definition po_cone :: "int set \<Rightarrow> bool" where
  "po_cone P \<longleftrightarrow> 0 \<in> P \<and> (\<forall>x\<in>P. \<forall>y\<in>P. x + y \<in> P) \<and> (\<forall>x. x \<in> P \<and> -x \<in> P \<longrightarrow> x = 0)"

definition order_unit :: "int set \<Rightarrow> int \<Rightarrow> bool" where
  "order_unit P u \<longleftrightarrow> (\<forall>x. \<exists>n::nat. x + int n * u \<in> P \<and> int n * u - x \<in> P)"

definition simple_component :: "int set \<Rightarrow> bool" where
  "simple_component P \<longleftrightarrow> po_cone P \<and> (\<forall>u\<in>P. u \<noteq> 0 \<longrightarrow> order_unit P u)"

definition order_embedding :: "(int \<Rightarrow> int) \<Rightarrow> int set \<Rightarrow> int set \<Rightarrow> bool" where
  "order_embedding f P Q \<longleftrightarrow> (\<forall>x y. f (x + y) = f x + f y) \<and> inj f \<and>
     f ` P = range f \<inter> Q"

fun fcomp :: "(nat \<Rightarrow> int \<Rightarrow> int) \<Rightarrow> nat \<Rightarrow> nat \<Rightarrow> int \<Rightarrow> int" where
  "fcomp f i 0 x = x"
| "fcomp f i (Suc n) x = f (i + n) (fcomp f i n x)"

definition dl_rel :: "(nat \<Rightarrow> int \<Rightarrow> int) \<Rightarrow> ((nat \<times> int) \<times> (nat \<times> int)) set" where
  "dl_rel f = {((i,x),(j,y)). \<exists>k. i \<le> k \<and> j \<le> k \<and> fcomp f i (k - i) x = fcomp f j (k - j) y}"

definition dl_carrier :: "(nat \<Rightarrow> int \<Rightarrow> int) \<Rightarrow> (nat \<times> int) set set" where
  "dl_carrier f = UNIV // dl_rel f"

definition dl_add :: "(nat \<Rightarrow> int \<Rightarrow> int) \<Rightarrow> (nat \<times> int) set \<Rightarrow> (nat \<times> int) set \<Rightarrow> (nat \<times> int) set" where
  "dl_add f C D = (let (i,x) = (SOME a. a \<in> C); (j,y) = (SOME b. b \<in> D); k = max i j in
      dl_rel f `` {(k, fcomp f i (k - i) x + fcomp f j (k - j) y)})"

definition dl_pos :: "(nat \<Rightarrow> int \<Rightarrow> int) \<Rightarrow> (nat \<Rightarrow> int set) \<Rightarrow> (nat \<times> int) set set" where
  "dl_pos f P = {C \<in> dl_carrier f. \<exists>i x. (i,x) \<in> C \<and> x \<in> P i}"
definition load :: "real \<Rightarrow> real \<Rightarrow> nat set \<Rightarrow> nat set \<Rightarrow> nat \<Rightarrow> real" where
  "load w1 w2 X1 X2 r = (if r \<in> X1 then w1 else 0) + (if r \<in> X2 then w2 else 0)"

definition pcost ::
  "cost_type \<Rightarrow> real \<Rightarrow> real \<Rightarrow> (nat \<Rightarrow> real) \<Rightarrow> (nat \<Rightarrow> real) \<Rightarrow> nat \<Rightarrow> nat set \<Rightarrow> nat set \<Rightarrow> real" where
  "pcost ct w1 w2 al be i X1 X2 =
     fac ct w1 w2 i * (\<Sum>r\<in>(if i = 1 then X1 else X2). al r + be r * load w1 w2 X1 X2 r)"

definition scost ::
  "cost_type \<Rightarrow> real \<Rightarrow> real \<Rightarrow> (nat \<Rightarrow> real) \<Rightarrow> (nat \<Rightarrow> real) \<Rightarrow> nat set \<Rightarrow> nat set \<Rightarrow> real" where
  "scost ct w1 w2 al be X1 X2 = pcost ct w1 w2 al be 1 X1 X2 + pcost ct w1 w2 al be 2 X1 X2"

definition is_NE where
  "is_NE ct w1 w2 al be As1 As2 X1 X2 \<longleftrightarrow>
     X1 \<in> As1 \<and> X2 \<in> As2 \<and>
     (\<forall>B1\<in>As1. pcost ct w1 w2 al be 1 X1 X2 \<le> pcost ct w1 w2 al be 1 B1 X2) \<and>
     (\<forall>B2\<in>As2. pcost ct w1 w2 al be 2 X1 X2 \<le> pcost ct w1 w2 al be 2 X1 B2)"

text \<open>Outcome of a subgame-perfect equilibrium (player 1 moves first).\<close>
definition is_SPE_outcome where
  "is_SPE_outcome ct w1 w2 al be As1 As2 X1 X2 \<longleftrightarrow>
     (\<exists>f :: nat set \<Rightarrow> nat set.
        (\<forall>B1\<in>As1. f B1 \<in> As2 \<and>
           (\<forall>B2\<in>As2. pcost ct w1 w2 al be 2 B1 (f B1) \<le> pcost ct w1 w2 al be 2 B1 B2)) \<and>
        X1 \<in> As1 \<and>
        (\<forall>B1\<in>As1. pcost ct w1 w2 al be 1 X1 (f X1) \<le> pcost ct w1 w2 al be 1 B1 (f B1)) \<and>
        X2 = f X1)"

definition is_eq_outcome where
  "is_eq_outcome gt ct w1 w2 al be As1 As2 X1 X2 \<longleftrightarrow>
     (if gt = Sequential then is_SPE_outcome ct w1 w2 al be As1 As2 X1 X2
      else is_NE ct w1 w2 al be As1 As2 X1 X2)"

definition opt_cost where
  "opt_cost ct w1 w2 al be As1 As2 =
     Min {scost ct w1 w2 al be B1 B2 | B1 B2. B1 \<in> As1 \<and> B2 \<in> As2}"

definition poa_class :: "cost_type \<Rightarrow> game_type \<Rightarrow> real \<Rightarrow> real \<Rightarrow> ereal" where
  "poa_class ct gt w1 w2 =
     Sup {ereal (scost ct w1 w2 al be X1 X2 / opt_cost ct w1 w2 al be As1 As2) | Rs al be As1 As2 X1 X2.
            valid_game gt Rs al be As1 As2 \<and> opt_cost ct w1 w2 al be As1 As2 > 0 \<and>
            is_eq_outcome gt ct w1 w2 al be As1 As2 X1 X2}"

datatype label = O1 | E1 | O2 | E2 | F2

definition Lab :: "game_type \<Rightarrow> label set" where
  "Lab gt = (if gt = Sequential then {O1, E1, O2, E2, F2} else {O1, E1, O2, E2})"

definition Lab1 :: "game_type \<Rightarrow> label set" where
  "Lab1 gt = (if gt = SymSimultaneous then {O1, E1, O2, E2} else {O1, E1})"

definition Lab2 :: "game_type \<Rightarrow> label set" where
  "Lab2 gt = (case gt of Simultaneous \<Rightarrow> {O2, E2}
                       | SymSimultaneous \<Rightarrow> {O1, E1, O2, E2}
                       | Sequential \<Rightarrow> {O2, E2, F2})"

definition sel :: "label \<Rightarrow> label \<Rightarrow> nat \<Rightarrow> label" where
  "sel a1 a2 j = (if j = 1 then a1 else a2)"

definition lp_feasible ::
  "cost_type \<Rightarrow> game_type \<Rightarrow> real \<Rightarrow> real \<Rightarrow> (label set \<Rightarrow> real) \<Rightarrow> (label set \<Rightarrow> real)
   \<Rightarrow> (nat \<Rightarrow> label \<Rightarrow> label \<Rightarrow> real) \<Rightarrow> bool" where
  "lp_feasible ct gt w1 w2 al be C \<longleftrightarrow>
     C 1 O1 O2 + C 2 O1 O2 = 1 \<and>
     (\<forall>a1\<in>Lab1 gt. \<forall>a2\<in>Lab2 gt. C 1 a1 a2 + C 2 a1 a2 \<ge> 1) \<and>
     (\<forall>r\<in>Pow (Lab gt). al r \<ge> 0 \<and> be r \<ge> 0) \<and>
     (\<forall>a1\<in>Lab1 gt. \<forall>a2\<in>Lab2 gt. \<forall>i\<in>{1, 2}.
        C i a1 a2 = fac ct w1 w2 i *
          (\<Sum>r\<in>{r\<in>Pow (Lab gt). sel a1 a2 i \<in> r}.
              al r + be r * (\<Sum>j\<in>{j\<in>{1, 2}. sel a1 a2 j \<in> r}. wt w1 w2 j))) \<and>
     (gt \<noteq> Sequential \<longrightarrow>
        (\<forall>a1\<in>Lab1 gt. C 1 E1 E2 \<le> C 1 a1 E2) \<and> (\<forall>a2\<in>Lab2 gt. C 2 E1 E2 \<le> C 2 E1 a2)) \<and>
     (gt = Sequential \<longrightarrow>
        (\<forall>a2\<in>Lab2 gt. C 2 E1 E2 \<le> C 2 E1 a2 \<and> C 2 O1 F2 \<le> C 2 O1 a2) \<and>
        C 1 E1 E2 \<le> C 1 O1 F2)"

definition lp_value :: "cost_type \<Rightarrow> game_type \<Rightarrow> real \<Rightarrow> real \<Rightarrow> ereal" where
  "lp_value ct gt w1 w2 =
     Sup {ereal (C 1 E1 E2 + C 2 E1 E2) | al be C. lp_feasible ct gt w1 w2 al be C}"

end

theory Submission
  imports Defs
begin

text \<open>An LP solution is itself a game: its resources are the label sets \<open>S\<close> with coefficients
  \<open>\<alpha>\<^sub>S, \<beta>\<^sub>S\<close>, and the action labelled \<open>a\<close> uses exactly the resources \<open>S \<ni> a\<close>. Then \<open>C\<^sub>i(a\<^sub>1, a\<^sub>2)\<close>
  is the cost of player \<open>i\<close> in the profile of the actions labelled \<open>a\<^sub>1, a\<^sub>2\<close>, and the constraints
  say that \<open>(O\<^sub>1, O\<^sub>2)\<close> is optimal with social cost 1 and that \<open>(E\<^sub>1, E\<^sub>2)\<close> is an equilibrium outcome
  (\<open>F\<^sub>2\<close> being the follower's reply to \<open>O\<^sub>1\<close>). Conversely, in a game with an equilibrium outcome,
  label the optimal profile \<open>O\<close>, the equilibrium \<open>E\<close> and the follower's reply to \<open>O\<^sub>1\<close> \<open>F\<^sub>2\<close>;
  merging all resources used by the same set of labelled actions and dividing the coefficients
  by the optimal cost gives an LP solution whose objective is the ratio of equilibrium to
  optimal cost. So both suprema range over the same set of values.\<close>

definition lp_cost ::
  "cost_type \<Rightarrow> real \<Rightarrow> real \<Rightarrow> label set \<Rightarrow> (label set \<Rightarrow> real) \<Rightarrow> (label set \<Rightarrow> real)
   \<Rightarrow> nat \<Rightarrow> label \<Rightarrow> label \<Rightarrow> real" where
  "lp_cost ct w1 w2 L al be i a1 a2 = fac ct w1 w2 i *
     (\<Sum>S\<in>{S\<in>Pow L. sel a1 a2 i \<in> S}.
        al S + be S * (\<Sum>j\<in>{j\<in>{1, 2}. sel a1 a2 j \<in> S}. wt w1 w2 j))"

→ What you will do: Copy out the entries exactly. Begin at the first line and end with the line that has "set \<Rightarrow> int \<Rightarrow>".

→ The answer:
definition po_cone :: "int set \<Rightarrow> bool" where
  "po_cone P \<longleftrightarrow> 0 \<in> P \<and> (\<forall>x\<in>P. \<forall>y\<in>P. x + y \<in> P) \<and> (\<forall>x. x \<in> P \<and> -x \<in> P \<longrightarrow> x = 0)"

definition order_unit :: "int set \<Rightarrow> int \<Rightarrow> bool" where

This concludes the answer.